Today is National Crowdfunding Day. It is not a day, admittedly, with a rich history, but it is more relevant now that performers increasingly rely on crowdsourcing. The latest is the actor and comedian Helen Lederer, who is hoping to raise £10,000 to put on two instalments at the St James Theatre in London of WTF? (Why the Fuss?) which is part stand-up, part chat show. The first is set to involve Kimberley Walsh, Suzanne Moore and the i columnist Yasmin Alibhai-Brown. The eventual hope is to raise £25,000, which would allow Lederer to make a WTF? pilot to pitch to TV channels. Benefactors can get signed Absolutely Fabulous box-sets, or even (for £1,000) have Helen come to their next dinner party. If that sounds your thing, click here.

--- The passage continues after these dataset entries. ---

(* Let $G$ be a finite graph with no isolated vertices. If the order of $G$ is even, then there is no nontrivial circuit injection $f:G_M\rightarrow B$ with $B$ a binary matroid if and only if $G$ is Hamiltonian. If the order of $G$ is odd, then there is no nontrivial circuit injection $f:G_M\rightarrow B$ with $B$ a binary matroid if and only if $G$ is almost Hamiltonian.
   Context: Graphs are undirected without loops or multiple edges. The order of $G$ is its number of vertices. $G_M$ is the cycle matroid of $G$: cells are the edges of $G$ and circuits are the edge sets of circuits (cycles) of $G$. A matroid is a pair $(S,\mathscr{C})$, $S\neq\emptyset$, $\mathscr{C}\subseteq 2^S$, satisfying: (I) $A,B\in\mathscr{C}$, $A\subseteq B$ implies $A=B$; (II) $A,B\in\mathscr{C}$, $a\in A\cap B$, $b\in (A\cup B)\setminus(A\cap B)$ implies there exists $D\in\mathscr{C}$ with $D\subseteq A\cup B$, $a\notin D$, $b\in D$. A matroid $(S,\mathscr{C})$ is binary if for all $A,B\in\mathscr{C}$ the symmetric difference $A\oplus B=(A\cup B)\setminus(A\cap B)$ is a union of pairwise disjoint members of $\mathscr{C}$. A circuit injection $f:G_M\rightarrow B$ is a bijection from $E(G)$ onto the cells of $B$ sending each circuit of $G$ to a circuit of $B$; it is nontrivial if $B$ has a circuit which is not the image of any circuit of $G$. $G$ is Hamiltonian if it has a circuit containing all its vertices. A graph of order $n$ is almost Hamiltonian if every set of $n-1$ of its vertices is contained in (the vertex set of) some circuit of $G$. *)

theory Defs
  imports Main
begin

definition simple_graph :: "'v set \<Rightarrow> 'v set set \<Rightarrow> bool" where
  "simple_graph V E \<longleftrightarrow> finite V \<and>
     (\<forall>e\<in>E. \<exists>u v. u \<noteq> v \<and> u \<in> V \<and> v \<in> V \<and> e = {u, v})"

definition no_isolated :: "'v set \<Rightarrow> 'v set set \<Rightarrow> bool" where
  "no_isolated V E \<longleftrightarrow> (\<forall>v\<in>V. \<exists>e\<in>E. v \<in> e)"

definition is_cycle :: "'v set \<Rightarrow> 'v set set \<Rightarrow> 'v list \<Rightarrow> bool" where
  "is_cycle V E vs \<longleftrightarrow> distinct vs \<and> length vs \<ge> 3 \<and> set vs \<subseteq> V \<and>
     (\<forall>i < length vs. {vs ! i, vs ! ((i + 1) mod length vs)} \<in> E)"

definition cycle_edges :: "'v list \<Rightarrow> 'v set set" where
  "cycle_edges vs = {{vs ! i, vs ! ((i + 1) mod length vs)} | i. i < length vs}"

text \<open>Circuits of the cycle matroid G_M: edge sets of cycles of G.\<close>
definition graph_circuits :: "'v set \<Rightarrow> 'v set set \<Rightarrow> 'v set set set" where
  "graph_circuits V E = {cycle_edges vs | vs. is_cycle V E vs}"

definition matroid :: "'c set \<Rightarrow> 'c set set \<Rightarrow> bool" where
  "matroid S \<C> \<longleftrightarrow> S \<noteq> {} \<and> \<C> \<subseteq> Pow S \<and>
     (\<forall>A\<in>\<C>. \<forall>B\<in>\<C>. A \<subseteq> B \<longrightarrow> A = B) \<and>
     (\<forall>A\<in>\<C>. \<forall>B\<in>\<C>. \<forall>a\<in>A \<inter> B. \<forall>b\<in>(A \<union> B) - (A \<inter> B).
        \<exists>D\<in>\<C>. D \<subseteq> A \<union> B \<and> a \<notin> D \<and> b \<in> D)"

definition binary_matroid :: "'c set \<Rightarrow> 'c set set \<Rightarrow> bool" where
  "binary_matroid S \<C> \<longleftrightarrow> matroid S \<C> \<and>
     (\<forall>A\<in>\<C>. \<forall>B\<in>\<C>. \<exists>\<D> \<subseteq> \<C>. pairwise disjnt \<D> \<and> \<Union>\<D> = (A \<union> B) - (A \<inter> B))"

definition circuit_injection :: "'v set \<Rightarrow> 'v set set \<Rightarrow> ('v set \<Rightarrow> 'c) \<Rightarrow> 'c set \<Rightarrow> 'c set set \<Rightarrow> bool" where
  "circuit_injection V E f S \<C> \<longleftrightarrow> bij_betw f E S \<and> (\<forall>C\<in>graph_circuits V E. f ` C \<in> \<C>)"

definition nontrivial_circuit_injection :: "'v set \<Rightarrow> 'v set set \<Rightarrow> ('v set \<Rightarrow> 'c) \<Rightarrow> 'c set \<Rightarrow> 'c set set \<Rightarrow> bool" where
  "nontrivial_circuit_injection V E f S \<C> \<longleftrightarrow> circuit_injection V E f S \<C> \<and>
     (\<exists>D\<in>\<C>. \<forall>C\<in>graph_circuits V E. f ` C \<noteq> D)"

definition hamiltonian :: "'v set \<Rightarrow> 'v set set \<Rightarrow> bool" where
  "hamiltonian V E \<longleftrightarrow> (\<exists>vs. is_cycle V E vs \<and> set vs = V)"

definition almost_hamiltonian :: "'v set \<Rightarrow> 'v set set \<Rightarrow> bool" where
  "almost_hamiltonian V E \<longleftrightarrow>
     (\<forall>U \<subseteq> V. card U = card V - 1 \<longrightarrow> (\<exists>vs. is_cycle V E vs \<and> U \<subseteq> set vs))"

end

theory Submission
  imports Defs
begin

(* Edge sets of G form a vector space over GF(2) under symmetric difference; the odd-degree
   vertices of an edge set are its boundary, and the circuits of G are the minimal nonempty edge
   sets with empty boundary.

   Suppose H is a cycle through all vertices except possibly v, and f maps G_M into a binary
   matroid B. Adding circuits of G formed by H with a chord, or with two edges at v, reduces any
   edge set D to a set X with the same boundary that leaves H in at most one edge, an edge at v.
   If f(D) is a circuit of B then f(X) is a disjoint union of circuits of B, since B is binary.
   If X lies inside H this forces X to be empty or H, so D has empty boundary; otherwise v is
   off H and lies in the boundary of D. For a Hamiltonian H the second case is impossible; in
   the almost Hamiltonian case, choosing H for each v shows that a nonempty boundary would be
   all of V, of odd size, contradicting the handshake lemma. An edge set with empty boundary
   contains a cycle, so the circuit f(D) is the image of a circuit of G and f is trivial.

   Conversely, let T be a nonempty set of vertices of even size lying on no cycle: T = V if the
   order is even and G is not Hamiltonian, T = V minus a vertex if the order is odd and G is not
   almost Hamiltonian. The edge sets with boundary empty or T are closed under symmetric
   difference, so their minimal nonempty members are the circuits of a binary matroid on E(G);
   they include the circuits of G, and a T-join splits into such members, one of which has
   nonempty boundary and so is not a circuit of G. A T-join exists if G is connected; otherwise
   two vertices in different components, with one edge at each, play the role of T. *)

definition sym_diff_list :: "'a set list \<Rightarrow> 'a set" where
  "sym_diff_list As = foldr sym_diff As {}"

definition degree :: "'v set set \<Rightarrow> 'v \<Rightarrow> nat" where
  "degree X v = card {e \<in> X. v \<in> e}"

definition odd_vertices :: "'v set \<Rightarrow> 'v set set \<Rightarrow> 'v set" where
  "odd_vertices V X = {v \<in> V. odd (degree X v)}"

lemma image_sym_diff:
  "inj_on f E \<Longrightarrow> A \<subseteq> E \<Longrightarrow> B \<subseteq> E \<Longrightarrow> f ` sym_diff A B = sym_diff (f ` A) (f ` B)"
  unfolding inj_on_def by blast

lemma card_sym_diff:
  assumes "finite A" "finite B"
  shows "card (sym_diff A B) + 2 * card (A \<inter> B) = card A + card B"
proof -
  have "sym_diff A B = A \<union> B - A \<inter> B" by blast
  then have "card (sym_diff A B) = card (A \<union> B) - card (A \<inter> B)"
    using assms by (simp add: card_Diff_subset Int_lower1 le_supI1)
  moreover have "card (A \<inter> B) \<le> card (A \<union> B)"
    using assms by (intro card_mono) auto
  ultimately show ?thesis
    using card_Un_Int[OF assms] by simp
qed

lemma odd_card_sym_diff:
  "finite A \<Longrightarrow> finite B \<Longrightarrow> odd (card (sym_diff A B)) \<longleftrightarrow> odd (card A) \<noteq> odd (card B)"
  using card_sym_diff[of A B] by presburger

lemma sym_diff_list_Nil [simp]: "sym_diff_list [] = {}"
  and sym_diff_list_Cons [simp]: "sym_diff_list (A # As) = sym_diff A (sym_diff_list As)"
  by (simp_all add: sym_diff_list_def)

lemma sym_diff_list_append: "sym_diff_list (As @ Bs) = sym_diff (sym_diff_list As) (sym_diff_list Bs)"
  by (induction As) auto

lemma sym_diff_list_subset: "set As \<subseteq> Pow E \<Longrightarrow> sym_diff_list As \<subseteq> E"
  by (induction As) auto

lemma finite_sym_diff_list: "\<forall>A\<in>set As. finite A \<Longrightarrow> finite (sym_diff_list As)"
  by (induction As) auto

lemma card_sym_diff_list_le:
  "\<forall>A\<in>set As. finite A \<Longrightarrow> card (sym_diff_list As) \<le> sum_list (map card As)"
proof (induction As)
  case (Cons A As)
  then have "card (sym_diff A (sym_diff_list As)) \<le> card A + card (sym_diff_list As)"
    using card_sym_diff[of A "sym_diff_list As"] finite_sym_diff_list by fastforce
  with Cons show ?case by simp
qed simp

lemma image_sym_diff_list:
  "inj_on f E \<Longrightarrow> set As \<subseteq> Pow E \<Longrightarrow> f ` sym_diff_list As = sym_diff_list (map ((`) f) As)"
proof (induction As)
  case (Cons A As)
  then show ?case
    using image_sym_diff[of f E A "sym_diff_list As"] sym_diff_list_subset[of As E] by simp
qed simp

lemma sym_diff_list_disjoint:
  "distinct As \<Longrightarrow> pairwise disjnt (set As) \<Longrightarrow> sym_diff_list As = \<Union>(set As)"
proof (induction As)
  case (Cons A As)
  then have "sym_diff_list As = \<Union>(set As)" "A \<inter> \<Union>(set As) = {}"
    by (auto simp: pairwise_insert disjnt_def)
  then show ?case by auto
qed simp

Helen is not the only one wanting your money. So too is Sir David Attenborough. He probably doesn’t have trouble getting programmes made, but he is hosting a press conference today to launch Flora and Fauna International’s campaign to get people to donate to Mountain Gorilla projects in Africa.

All promotion and no work

Lionel Shriver complains that one symptom of a desperate publishing industry and the rise of authors-as-celebrities, is that there is no time to actually be a writer. “Writing the books themselves gets fit in here and there, like making time for taking out the trash before bed,” the author writes in the ‘New Republic’. All well and good, but shouldn’t she be getting on with the next novel?

Lie back and think of jingles

The UK’s first “Sleeping Gig” is to be held at Wilton’s Music Hall – its attendees encouraged to nap while listening to the Urban Soul Orchestra. It is hosted by Direct Line, who probably owe the country one after their annoying ad jingle.